* REQUIREMENT:
Each line below is to be copied exactly as it appears.

(RAW DATA)

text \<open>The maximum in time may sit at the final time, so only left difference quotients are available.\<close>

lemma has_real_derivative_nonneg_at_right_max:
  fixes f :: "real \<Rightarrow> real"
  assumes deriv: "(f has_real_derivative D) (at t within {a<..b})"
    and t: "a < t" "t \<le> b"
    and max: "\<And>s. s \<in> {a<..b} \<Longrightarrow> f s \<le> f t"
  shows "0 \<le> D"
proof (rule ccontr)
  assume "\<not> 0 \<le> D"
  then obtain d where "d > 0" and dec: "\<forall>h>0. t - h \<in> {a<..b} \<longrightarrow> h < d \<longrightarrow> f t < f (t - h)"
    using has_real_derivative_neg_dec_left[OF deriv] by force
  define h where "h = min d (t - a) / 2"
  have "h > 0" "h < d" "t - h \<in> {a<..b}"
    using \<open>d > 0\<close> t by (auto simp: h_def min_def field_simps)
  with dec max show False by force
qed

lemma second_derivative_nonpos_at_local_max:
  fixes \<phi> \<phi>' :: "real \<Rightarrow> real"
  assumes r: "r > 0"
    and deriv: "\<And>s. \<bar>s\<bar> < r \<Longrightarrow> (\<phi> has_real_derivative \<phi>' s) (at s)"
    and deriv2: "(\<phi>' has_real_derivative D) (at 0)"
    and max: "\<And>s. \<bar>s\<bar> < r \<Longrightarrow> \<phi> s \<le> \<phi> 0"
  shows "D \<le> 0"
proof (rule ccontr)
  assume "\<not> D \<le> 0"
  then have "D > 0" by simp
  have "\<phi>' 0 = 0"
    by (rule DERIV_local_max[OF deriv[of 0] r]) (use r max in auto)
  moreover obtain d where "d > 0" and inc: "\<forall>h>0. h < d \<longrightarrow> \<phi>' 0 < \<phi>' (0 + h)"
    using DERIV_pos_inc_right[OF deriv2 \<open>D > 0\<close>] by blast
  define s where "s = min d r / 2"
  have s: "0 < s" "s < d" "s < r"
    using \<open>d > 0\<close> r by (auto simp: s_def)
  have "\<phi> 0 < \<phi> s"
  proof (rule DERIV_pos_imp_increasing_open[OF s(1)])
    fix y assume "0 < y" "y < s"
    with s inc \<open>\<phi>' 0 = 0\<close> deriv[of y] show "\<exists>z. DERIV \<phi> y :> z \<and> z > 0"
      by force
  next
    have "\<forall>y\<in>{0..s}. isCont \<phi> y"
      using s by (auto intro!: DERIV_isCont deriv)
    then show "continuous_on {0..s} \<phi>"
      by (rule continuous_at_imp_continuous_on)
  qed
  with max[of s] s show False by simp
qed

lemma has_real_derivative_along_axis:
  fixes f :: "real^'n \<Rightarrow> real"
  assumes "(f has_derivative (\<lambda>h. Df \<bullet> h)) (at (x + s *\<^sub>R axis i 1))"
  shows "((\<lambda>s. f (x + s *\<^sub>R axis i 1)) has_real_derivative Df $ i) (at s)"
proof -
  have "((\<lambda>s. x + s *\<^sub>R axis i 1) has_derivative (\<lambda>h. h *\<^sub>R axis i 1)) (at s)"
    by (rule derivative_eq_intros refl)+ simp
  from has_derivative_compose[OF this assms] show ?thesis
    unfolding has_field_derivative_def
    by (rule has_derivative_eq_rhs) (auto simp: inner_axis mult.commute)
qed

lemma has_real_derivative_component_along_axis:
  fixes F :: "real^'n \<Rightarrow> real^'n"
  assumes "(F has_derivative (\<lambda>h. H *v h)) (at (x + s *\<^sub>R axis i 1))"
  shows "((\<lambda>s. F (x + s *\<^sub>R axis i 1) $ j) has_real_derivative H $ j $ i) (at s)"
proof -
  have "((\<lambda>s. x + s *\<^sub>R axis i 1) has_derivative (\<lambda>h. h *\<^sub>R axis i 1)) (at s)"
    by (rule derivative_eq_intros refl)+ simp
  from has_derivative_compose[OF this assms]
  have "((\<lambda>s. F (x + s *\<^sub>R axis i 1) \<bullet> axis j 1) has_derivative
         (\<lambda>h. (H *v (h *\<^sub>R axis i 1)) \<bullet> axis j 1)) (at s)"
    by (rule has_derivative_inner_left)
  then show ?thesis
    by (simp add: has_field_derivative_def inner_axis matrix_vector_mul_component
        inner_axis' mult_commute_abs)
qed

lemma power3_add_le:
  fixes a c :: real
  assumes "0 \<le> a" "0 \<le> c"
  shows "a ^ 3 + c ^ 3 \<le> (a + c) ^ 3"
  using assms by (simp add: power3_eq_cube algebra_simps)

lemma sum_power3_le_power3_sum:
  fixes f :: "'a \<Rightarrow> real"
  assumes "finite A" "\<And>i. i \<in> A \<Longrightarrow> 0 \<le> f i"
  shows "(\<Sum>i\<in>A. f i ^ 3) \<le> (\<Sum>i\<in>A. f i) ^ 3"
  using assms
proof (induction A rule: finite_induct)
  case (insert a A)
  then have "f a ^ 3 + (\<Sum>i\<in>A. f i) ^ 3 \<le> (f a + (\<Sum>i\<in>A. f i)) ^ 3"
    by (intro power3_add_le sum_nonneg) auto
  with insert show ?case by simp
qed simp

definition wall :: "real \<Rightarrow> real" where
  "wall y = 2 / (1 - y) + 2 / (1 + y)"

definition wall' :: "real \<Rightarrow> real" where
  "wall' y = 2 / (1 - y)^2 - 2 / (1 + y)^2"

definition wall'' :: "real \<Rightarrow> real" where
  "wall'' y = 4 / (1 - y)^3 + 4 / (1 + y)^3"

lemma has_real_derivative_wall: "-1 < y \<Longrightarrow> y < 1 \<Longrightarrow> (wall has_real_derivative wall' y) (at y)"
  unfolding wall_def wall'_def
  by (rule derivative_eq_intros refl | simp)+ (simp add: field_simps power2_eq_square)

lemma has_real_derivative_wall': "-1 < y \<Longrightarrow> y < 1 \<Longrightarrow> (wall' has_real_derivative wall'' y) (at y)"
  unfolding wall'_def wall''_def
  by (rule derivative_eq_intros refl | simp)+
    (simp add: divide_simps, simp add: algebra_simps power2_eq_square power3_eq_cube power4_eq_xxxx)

(End RAW DATA)

* OUTPUT FOR THIS TASK:
text \<open>The maximum in time may sit at the final time, so only left difference quotients are available.\<close>

lemma has_real_derivative_nonneg_at_right_max:
  fixes f :: "real \<Rightarrow> real"
  assumes deriv: "(f has_real_derivative D) (at t within {a<..b})"
    and t: "a < t" "t \<le> b"
    and max: "\<And>s. s \<in> {a<..b} \<Longrightarrow> f s \<le> f t"
  shows "0 \<le> D"
proof (rule ccontr)
  assume "\<not> 0 \<le> D"
  then obtain d where "d > 0" and dec: "\<forall>h>0. t - h \<in> {a<..b} \<longrightarrow> h < d \<longrightarrow> f t < f (t - h)"
    using has_real_derivative_neg_dec_left[OF deriv] by force
  define h where "h = min d (t - a) / 2"
  have "h > 0" "h < d" "t - h \<in> {a<..b}"
    using \<open>d > 0\<close> t by (auto simp: h_def min_def field_simps)
  with dec max show False by force
qed

lemma second_derivative_nonpos_at_local_max:
  fixes \<phi> \<phi>' :: "real \<Rightarrow> real"
  assumes r: "r > 0"
    and deriv: "\<And>s. \<bar>s\<bar> < r \<Longrightarrow> (\<phi> has_real_derivative \<phi>' s) (at s)"
    and deriv2: "(\<phi>' has_real_derivative D) (at 0)"
    and max: "\<And>s. \<bar>s\<bar> < r \<Longrightarrow> \<phi> s \<le> \<phi> 0"
  shows "D \<le> 0"
proof (rule ccontr)
  assume "\<not> D \<le> 0"
  then have "D > 0" by simp
  have "\<phi>' 0 = 0"
    by (rule DERIV_local_max[OF deriv[of 0] r]) (use r max in auto)
  moreover obtain d where "d > 0" and inc: "\<forall>h>0. h < d \<longrightarrow> \<phi>' 0 < \<phi>' (0 + h)"
    using DERIV_pos_inc_right[OF deriv2 \<open>D > 0\<close>] by blast
  define s where "s = min d r / 2"
  have s: "0 < s" "s < d" "s < r"
    using \<open>d > 0\<close> r by (auto simp: s_def)
  have "\<phi> 0 < \<phi> s"
  proof (rule DERIV_pos_imp_increasing_open[OF s(1)])
    fix y assume "0 < y" "y < s"
    with s inc \<open>\<phi>' 0 = 0\<close> deriv[of y] show "\<exists>z. DERIV \<phi> y :> z \<and> z > 0"
      by force
  next
    have "\<forall>y\<in>{0..s}. isCont \<phi> y"
      using s by (auto intro!: DERIV_isCont deriv)
    then show "continuous_on {0..s} \<phi>"
      by (rule continuous_at_imp_continuous_on)
  qed
  with max[of s] s show False by simp
qed

lemma has_real_derivative_along_axis:
  fixes f :: "real^'n \<Rightarrow> real"
  assumes "(f has_derivative (\<lambda>h. Df \<bullet> h)) (at (x + s *\<^sub>R axis i 1))"
  shows "((\<lambda>s. f (x + s *\<^sub>R axis i 1)) has_real_derivative Df $ i) (at s)"
proof -
  have "((\<lambda>s. x + s *\<^sub>R axis i 1) has_derivative (\<lambda>h. h *\<^sub>R axis i 1)) (at s)"
    by (rule derivative_eq_intros refl)+ simp
  from has_derivative_compose[OF this assms] show ?thesis
    unfolding has_field_derivative_def
    by (rule has_derivative_eq_rhs) (auto simp: inner_axis mult.commute)
qed

lemma has_real_derivative_component_along_axis:
  fixes F :: "real^'n \<Rightarrow> real^'n"
  assumes "(F has_derivative (\<lambda>h. H *v h)) (at (x + s *\<^sub>R axis i 1))"
  shows "((\<lambda>s. F (x + s *\<^sub>R axis i 1) $ j) has_real_derivative H $ j $ i) (at s)"
proof -
  have "((\<lambda>s. x + s *\<^sub>R axis i 1) has_derivative (\<lambda>h. h *\<^sub>R axis i 1)) (at s)"
    by (rule derivative_eq_intros refl)+ simp
  from has_derivative_compose[OF this assms]
  have "((\<lambda>s. F (x + s *\<^sub>R axis i 1) \<bullet> axis j 1) has_derivative
         (\<lambda>h. (H *v (h *\<^sub>R axis i 1)) \<bullet> axis j 1)) (at s)"
    by (rule has_derivative_inner_left)
  then show ?thesis
    by (simp add: has_field_derivative_def inner_axis matrix_vector_mul_component
        inner_axis' mult_commute_abs)
qed

lemma power3_add_le:
  fixes a c :: real
  assumes "0 \<le> a" "0 \<le> c"
  shows "a ^ 3 + c ^ 3 \<le> (a + c) ^ 3"
  using assms by (simp add: power3_eq_cube algebra_simps)

lemma sum_power3_le_power3_sum:
  fixes f :: "'a \<Rightarrow> real"
  assumes "finite A" "\<And>i. i \<in> A \<Longrightarrow> 0 \<le> f i"
  shows "(\<Sum>i\<in>A. f i ^ 3) \<le> (\<Sum>i\<in>A. f i) ^ 3"
  using assms
proof (induction A rule: finite_induct)
  case (insert a A)
  then have "f a ^ 3 + (\<Sum>i\<in>A. f i) ^ 3 \<le> (f a + (\<Sum>i\<in>A. f i)) ^ 3"
    by (intro power3_add_le sum_nonneg) auto
  with insert show ?case by simp
qed simp

definition wall :: "real \<Rightarrow> real" where
  "wall y = 2 / (1 - y) + 2 / (1 + y)"

definition wall' :: "real \<Rightarrow> real" where
  "wall' y = 2 / (1 - y)^2 - 2 / (1 + y)^2"

definition wall'' :: "real \<Rightarrow> real" where
  "wall'' y = 4 / (1 - y)^3 + 4 / (1 + y)^3"

lemma has_real_derivative_wall: "-1 < y \<Longrightarrow> y < 1 \<Longrightarrow> (wall has_real_derivative wall' y) (at y)"
  unfolding wall_def wall'_def
  by (rule derivative_eq_intros refl | simp)+ (simp add: field_simps power2_eq_square)

lemma has_real_derivative_wall': "-1 < y \<Longrightarrow> y < 1 \<Longrightarrow> (wall' has_real_derivative wall'' y) (at y)"
  unfolding wall'_def wall''_def
  by (rule derivative_eq_intros refl | simp)+
    (simp add: divide_simps, simp add: algebra_simps power2_eq_square power3_eq_cube power4_eq_xxxx)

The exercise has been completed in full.